Genes can cause neurological diseases

Spinocerebellar ataxia (SCA) is a genetic disease that causes wasting away of the cerebellum — the portion of our brain responsible for controlling voluntary muscle movement, like walking, speaking, even the direction our eyes move.

Currently, SCA has no cure or treatment and genetic mutations responsible for about 30 percent of cases are still unidentified. However, two different families with inherited SCA looking for treatment and unable to be helped, had gene samples sent to Hiroshima University to begin the process of identifying their new mutation.

After sequencing the genes of family members with SCA, a research team — led by Professor Hideshi Kawakami MD PhD, from the Department of Epidemiology at Hiroshima University — began statistical analysis comparing family members' DNA to unrelated people without SCA. The analysis identified which gene variation SCA family members shared that is not found in healthy people.

The research appears in the journal Molecular Brain.

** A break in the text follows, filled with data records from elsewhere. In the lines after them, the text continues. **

text \<open>
  In the frame of a Lax 1-shock the mass flux \<open>j = \<rho> (u - s)\<close> is positive and conserved, so
  the transported ratio \<open>\<gamma> = \<Gamma>/\<rho>\<close> is continuous across the shock and on both sides the
  covolume pressure is that of a single polytropic covolume gas, \<open>p (1 - b \<rho>) = (\<gamma> - 1) \<rho> e\<close>.
  Momentum conservation and Lax's inequalities (supersonic ahead, subsonic behind) force
  compression.  In the covolume \<open>x = 1/\<rho> - b\<close> the Hugoniot relation is the classical
  polytropic one, along which \<open>p x\<^sup>\<gamma>\<close>, i.e. \<open>S(\<cdot>, \<gamma>)\<close>, increases under compression.
  As \<open>S(u, g) = S(u, \<gamma>) x\<^bsup>g - \<gamma>\<^esup>\<close> and \<open>x\<close> decreases, \<open>S(\<cdot>, g)\<close> increases for every
  \<open>g \<le> \<gamma>\<close>, and then so does
  \<open>\<Psi> = \<rho>\<^sup>g (1 - b \<rho>)\<^bsup>1-g\<^esup> (S(\<cdot>, g) - S\<^sub>m\<^sub>i\<^sub>n)\<close>, whose prefactor increases with \<open>\<rho>\<close>.
  The 3-shock case is the mirror image \<open>m \<mapsto> -m\<close> of the 1-shock case, and projecting onto
  \<open>n\<^sub>i\<^sub>j\<close> leaves the internal energy unchanged.
\<close>

lemma Hugoniot_ratio_le:
  fixes ga r :: real
  assumes ga: "1 \<le> ga" and r: "0 < r" "r \<le> 1"
  shows "(ga+1)*r - (ga-1) \<le> r powr ga * ((ga+1) - (ga-1)*r)"
proof -
  define A B where "A t = (ga+1) - (ga-1)*t" and "B t = (ga+1)*t - (ga-1)" for t :: real
  have A_pos: "0 < A t" if "t \<le> 1" for t
  proof -
    have "(ga-1)*t \<le> (ga-1)*1" using that ga by (intro mult_left_mono) auto
    then show ?thesis by (simp add: A_def)
  qed
  show ?thesis
  proof (cases "B r \<le> 0")
    case True
    have "0 \<le> r powr ga * A r" using A_pos[OF r(2)] by simp
    with True show ?thesis by (simp add: A_def B_def)
  next
    case False
    have B_pos: "0 < B t" if "r \<le> t" for t
    proof -
      have "(ga+1)*r \<le> (ga+1)*t" using that ga by (intro mult_left_mono) auto
      with False show ?thesis by (simp add: B_def)
    qed
    define h where "h t = ga * ln t + ln (A t) - ln (B t)" for t
    have "h 1 \<le> h r"
    proof (rule DERIV_nonpos_imp_nonincreasing[of r 1 h])
      fix t assume t: "r \<le> t" "t \<le> 1"
      have t_pos: "0 < t" using t r by simp
      have At: "0 < A t" and Bt: "0 < B t" using A_pos B_pos t by auto
      have "(h has_real_derivative ga / t - (ga-1) / A t - (ga+1) / B t) (at t)"
        unfolding h_def using t_pos At Bt
        by (auto intro!: derivative_eq_intros simp: A_def B_def field_simps)
      moreover have "ga / t - (ga-1) / A t - (ga+1) / B t
          = (ga * A t * B t - (ga-1) * t * B t - (ga+1) * t * A t) / (t * A t * B t)"
        using t_pos At Bt by (simp add: field_simps)
      moreover have "ga * A t * B t - (ga-1) * t * B t - (ga+1) * t * A t
          = - (ga * (ga*ga - 1) * (t-1)^2)"
        by (simp add: A_def B_def power2_eq_square algebra_simps)
      moreover have "0 \<le> ga * (ga*ga - 1) * (t-1)^2"
        using ga mult_mono[OF ga ga] by simp
      ultimately show "\<exists>y. (h has_real_derivative y) (at t) \<and> y \<le> 0"
        using t_pos At Bt by (auto simp: divide_nonpos_pos)
    qed (use r in simp)
    then have "ln (B r) \<le> ln (r powr ga * A r)"
      using r A_pos[of r] by (simp add: h_def A_def B_def ln_mult)
    then show ?thesis
      using B_pos[of r] r A_pos[of r] by (simp add: A_def B_def)
  qed
qed

lemma Hugoniot_entropy_le:
  fixes ga p1 p2 x1 x2 :: real
  assumes ga: "1 \<le> ga" and p: "0 < p1" "0 < p2" and x: "0 < x2" "x2 < x1"
    and Hugoniot: "p2 * ((ga+1)*x2 - (ga-1)*x1) = p1 * ((ga+1)*x1 - (ga-1)*x2)"
  shows "p1 * x1 powr ga \<le> p2 * x2 powr ga"
proof -
  define r where "r = x2 / x1"
  have x1: "0 < x1" using x by simp
  have r: "0 < r" "r \<le> 1" using x by (auto simp: r_def)
  have x2_eq: "x2 = r * x1" using x1 by (simp add: r_def)
  define A B where "A = (ga+1) - (ga-1)*r" and "B = (ga+1)*r - (ga-1)"
  have "x1 * (p2 * B) = x1 * (p1 * A)"
    using Hugoniot unfolding x2_eq A_def B_def by (simp add: algebra_simps)
  then have AB: "p2 * B = p1 * A" using x1 by simp
  have "(ga-1)*r \<le> (ga-1)*1" using r ga by (intro mult_left_mono) auto
  then have "0 < A" by (simp add: A_def)
  then have "0 < p2 * B" using AB p by simp
  then have B_pos: "0 < B" using p by (simp add: zero_less_mult_iff)
  have "p1 * B \<le> p1 * (r powr ga * A)"
    using Hugoniot_ratio_le[OF ga r] p by (simp add: A_def B_def)
  also have "\<dots> = r powr ga * p2 * B" using AB by simp
  finally have "p1 \<le> r powr ga * p2" using B_pos by simp
  then have "p1 * x1 powr ga \<le> r powr ga * p2 * x1 powr ga" by (simp add: mult_right_mono)
  also have "\<dots> = p2 * x2 powr ga" unfolding x2_eq using r x1 by (simp add: powr_mult)
  finally show ?thesis .
qed

lemma Hugoniot_covolume:
  fixes b ga r1 r2 e1 e2 P1 P2 :: real
  assumes r: "0 < r1" "0 < r2"
    and P: "P1 * (1 - b*r1) = (ga-1)*e1" "P2 * (1 - b*r2) = (ga-1)*e2"
    and Hugoniot: "r1*e2 - r2*e1 + (P1 + P2)*(r1 - r2)/2 = 0"
  shows "P2*((ga+1)*(1/r2 - b) - (ga-1)*(1/r1 - b)) = P1*((ga+1)*(1/r1 - b) - (ga-1)*(1/r2 - b))"
proof -
  have "r1*r2*(P2*((ga+1)*(1/r2 - b) - (ga-1)*(1/r1 - b)))
      = r1*r2*(P1*((ga+1)*(1/r1 - b) - (ga-1)*(1/r2 - b)))"
    using r by (simp add: field_simps) (use P Hugoniot in algebra)
  then show ?thesis using r by simp
qed

lemma Rankine_Hugoniot_shock_frame:
  fixes s r1 u1 e1 P1 r2 u2 e2 P2 :: real
  assumes mass: "s*(r2 - r1) = r2*u2 - r1*u1"
    and momentum: "s*(r2*u2 - r1*u1) = (r2*u2^2 + P2) - (r1*u1^2 + P1)"
    and energy: "s*((e2 + r2*u2^2/2) - (e1 + r1*u1^2/2))
                   = u2*(e2 + r2*u2^2/2 + P2) - u1*(e1 + r1*u1^2/2 + P1)"
  shows "r1*(u1 - s) = r2*(u2 - s)"
    and "r1*(u1 - s)^2 + P1 = r2*(u2 - s)^2 + P2"
    and "r1*(u1 - s) * (r1*e2 - r2*e1 + (P1 + P2)*(r1 - r2)/2) = 0"
  using assms by algebra+

lemma Lax_shock_compressive:
  fixes b ga r1 r2 w1 w2 P1 P2 :: real
  assumes b: "0 \<le> b" and r: "0 < r1" "0 < r2" and y: "0 < 1 - b*r1" "0 < 1 - b*r2"
    and ga: "0 \<le> ga"
    and mass: "r1*w1 = r2*w2" and momentum: "r1*w1^2 + P1 = r2*w2^2 + P2"
    and w2: "0 < w2"
    and supersonic: "ga*P1 < r1*(1-b*r1)*w1^2" and subsonic: "r2*(1-b*r2)*w2^2 < ga*P2"
  shows "r1 < r2"
proof (rule ccontr)
  assume "\<not> r1 < r2"
  then have r21: "r2 \<le> r1" by simp
  define j where "j = r2*w2"
  have j: "0 < j" using r w2 by (simp add: j_def)
  have "0 \<le> r2*(1-b*r2)*w2^2" using r y by simp
  then have "0 < ga*P2" using subsonic by linarith
  then have P2: "0 \<le> P2" using ga by (simp add: zero_less_mult_iff)
  have "w1 \<le> w2"
  proof -
    have "w1 = j / r1" "w2 = j / r2" using mass r by (simp_all add: j_def field_simps)
    moreover have "j / r1 \<le> j / r2" using r21 r j by (simp add: frac_le)
    ultimately show ?thesis by simp
  qed
  then have "j*w1 \<le> j*w2" using j by simp
  then have "r1*w1^2 \<le> r2*w2^2"
    using mass unfolding j_def by (simp add: power2_eq_square mult.assoc[symmetric])
  then have "P2 \<le> P1" using momentum by simp
  then have rP: "r2*P2 \<le> r1*P1" using r21 r P2 by (intro mult_mono) auto
  moreover have "0 \<le> r1*P1" using rP mult_nonneg_nonneg[OF less_imp_le[OF r(2)] P2] by linarith
  moreover have "1 - b*r1 \<le> 1 - b*r2" using r21 b by (simp add: mult_left_mono)
  ultimately have "r2*P2 / (1 - b*r2) \<le> r1*P1 / (1 - b*r1)"
    using y by (intro frac_le) auto
  then have "ga * (r2*P2 / (1 - b*r2)) \<le> ga * (r1*P1 / (1 - b*r1))"
    using ga by (rule mult_left_mono)
  moreover have "ga * (r1*P1 / (1 - b*r1)) < j^2"
  proof -
    have "ga * (r1*P1) < (1 - b*r1) * (r1*w1)^2"
      using mult_strict_left_mono[OF supersonic r(1)] by (simp add: power2_eq_square ac_simps)
    then show ?thesis using y mass by (simp add: j_def pos_divide_less_eq ac_simps)
  qed
  moreover have "j^2 < ga * (r2*P2 / (1 - b*r2))"
  proof -
    have "(1 - b*r2) * (r2*w2)^2 < ga * (r2*P2)"
      using mult_strict_left_mono[OF subsonic r(2)] by (simp add: power2_eq_square ac_simps)
    then show ?thesis using y by (simp add: j_def pos_less_divide_eq ac_simps)
  qed
  ultimately show False by simp
qed

lemma S_fun_covolume:
  assumes r: "0 < r" and y: "0 < 1 - b*r"
  shows "S_fun b r m E g = r * int_en r m E / (1 - b*r) * (1/r - b) powr g"
proof -
  have "1/r - b = (1 - b*r) / r" using r by (simp add: field_simps)
  then show ?thesis using r y by (simp add: S_fun_def powr_divide powr_diff)
qed

lemma S_fun_pressure:
  assumes r: "0 < r" and y: "0 < 1 - b*r"
    and P: "P * (1 - b*r) = (ga - 1) * (r * int_en r m E)"
  shows "(ga - 1) * S_fun b r m E ga = P * (1/r - b) powr ga"
proof -
  have "P = (ga - 1) * (r * int_en r m E) / (1 - b*r)" using P y by (simp add: eq_divide_eq)
  then show ?thesis by (simp add: S_fun_covolume[OF r y])
qed

lemma S_fun_le_S_fun_smaller_exponent:
  fixes m1 m2 :: "'a::real_normed_vector"
  assumes b: "0 \<le> b" and r: "0 < r1" "r1 \<le> r2" and y: "0 < 1 - b*r2"
    and e: "0 \<le> int_en r1 m1 E1" and g: "g \<le> ga"
    and S: "S_fun b r1 m1 E1 ga \<le> S_fun b r2 m2 E2 ga"
  shows "S_fun b r1 m1 E1 g \<le> S_fun b r2 m2 E2 g"
proof -
  have "b*r1 \<le> b*r2" using r b by (simp add: mult_left_mono)
  then have y1: "0 < 1 - b*r1" using y by linarith
  have r2: "0 < r2" using r by simp
  define q1 q2
    where "q1 = r1 * int_en r1 m1 E1 / (1 - b*r1)" and "q2 = r2 * int_en r2 m2 E2 / (1 - b*r2)"
  define x1 x2 where "x1 = 1/r1 - b" and "x2 = 1/r2 - b"
  have S_eq: "S_fun b r1 m1 E1 h = q1 * x1 powr h" "S_fun b r2 m2 E2 h = q2 * x2 powr h" for h
    using S_fun_covolume[OF r(1) y1] S_fun_covolume[OF r2 y]
    by (simp_all add: q1_def q2_def x1_def x2_def)
  have x2: "0 < x2" using y r by (simp add: x2_def field_simps)
  have x21: "x2 \<le> x1" using r by (simp add: x1_def x2_def frac_le)
  have "0 \<le> q1 * x1 powr ga" using e r y1 by (simp add: q1_def)
  then have "q1 * x1 powr ga * x1 powr (g - ga) \<le> q1 * x1 powr ga * x2 powr (g - ga)"
    using g x2 x21 by (intro mult_left_mono powr_mono2') auto
  also have "\<dots> \<le> q2 * x2 powr ga * x2 powr (g - ga)"
    using S unfolding S_eq by (intro mult_right_mono) auto
  finally show ?thesis
    using x2 x21 by (simp add: S_eq mult.assoc flip: powr_add)
qed

lemma Psi_eq_S_fun:
  assumes r: "0 < r" and y: "0 < 1 - b*r"
  shows "Psi b Smin g r m E = r powr g * (1 - b*r) powr (1 - g) * (S_fun b r m E g - Smin)"
  using r y by (simp add: Psi_def S_fun_def powr_diff field_simps)

lemma Psi_le_Psi:
  fixes m1 m2 :: "'a::real_normed_vector"
  assumes b: "0 \<le> b" and g: "1 \<le> g" and r: "0 < r1" "r1 \<le> r2" and y: "0 < 1 - b*r2"
    and S: "Smin \<le> S_fun b r1 m1 E1 g" "S_fun b r1 m1 E1 g \<le> S_fun b r2 m2 E2 g"
  shows "Psi b Smin g r1 m1 E1 \<le> Psi b Smin g r2 m2 E2"
proof -
  have y21: "1 - b*r2 \<le> 1 - b*r1" using r b by (simp add: mult_left_mono)
  have y1: "0 < 1 - b*r1" using y y21 by simp
  have Ph: "r1 powr g * (1 - b*r1) powr (1 - g) \<le> r2 powr g * (1 - b*r2) powr (1 - g)"
    using r y y21 g by (intro mult_mono powr_mono2 powr_mono2') auto
  have "r1 powr g * (1 - b*r1) powr (1 - g) * (S_fun b r1 m1 E1 g - Smin)
      \<le> r2 powr g * (1 - b*r2) powr (1 - g) * (S_fun b r2 m2 E2 g - Smin)"
    using mult_mono[OF Ph, of "S_fun b r1 m1 E1 g - Smin" "S_fun b r2 m2 E2 g - Smin"] S by simp
  then show ?thesis using r y y1 by (simp add: Psi_eq_S_fun)
qed

lemma int_en_real: "int_en r (m::real) E = E/r - (m/r)^2/2"
  by (simp add: int_en_def power_divide)

lemma mult_int_en_real:
  assumes "r \<noteq> 0"
  shows "r * int_en r (m::real) E = E - m^2/(2*r)"
  using assms by (simp add: int_en_real field_simps power2_eq_square)

lemma RH_iff:
  "RH b s (r1,m1,E1,G1) (r2,m2,E2,G2) \<longleftrightarrow>
     s*(r2 - r1) = m2 - m1 \<and>
     s*(m2 - m1) = (m2^2/r2 + p_cov b (r2,m2,E2,G2)) - (m1^2/r1 + p_cov b (r1,m1,E1,G1)) \<and>
     s*(E2 - E1) = m2/r2*(E2 + p_cov b (r2,m2,E2,G2)) - m1/r1*(E1 + p_cov b (r1,m1,E1,G1)) \<and>
     s*(G2 - G1) = m2/r2*G2 - m1/r1*G1"
  by (simp add: RH_def ext_flux_def)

The gene responsible for causing both families' SCA is located on Chromosome 17. A gene called CACNA1G which encodes for the protein Cav3.1, a gateway, or ion channel, inside nerve cells which conducts calcium into cells of the body.

Cav3.1 controls the flow of Calcium ions into nerves after receiving an electrical impulse from the brain. But, it had never been linked to SCA.

Changing a single letter in the DNA sequence on CACNA1G switches a single amino acid in the chain of 2,377 amino acids which connect together to build the Cav3.1 protein.

Researchers performed more experiments in culture to examine how the mutated Cav3.1 channel behaves and found this mutation makes calcium channels open at a lower threshold than in healthy cells.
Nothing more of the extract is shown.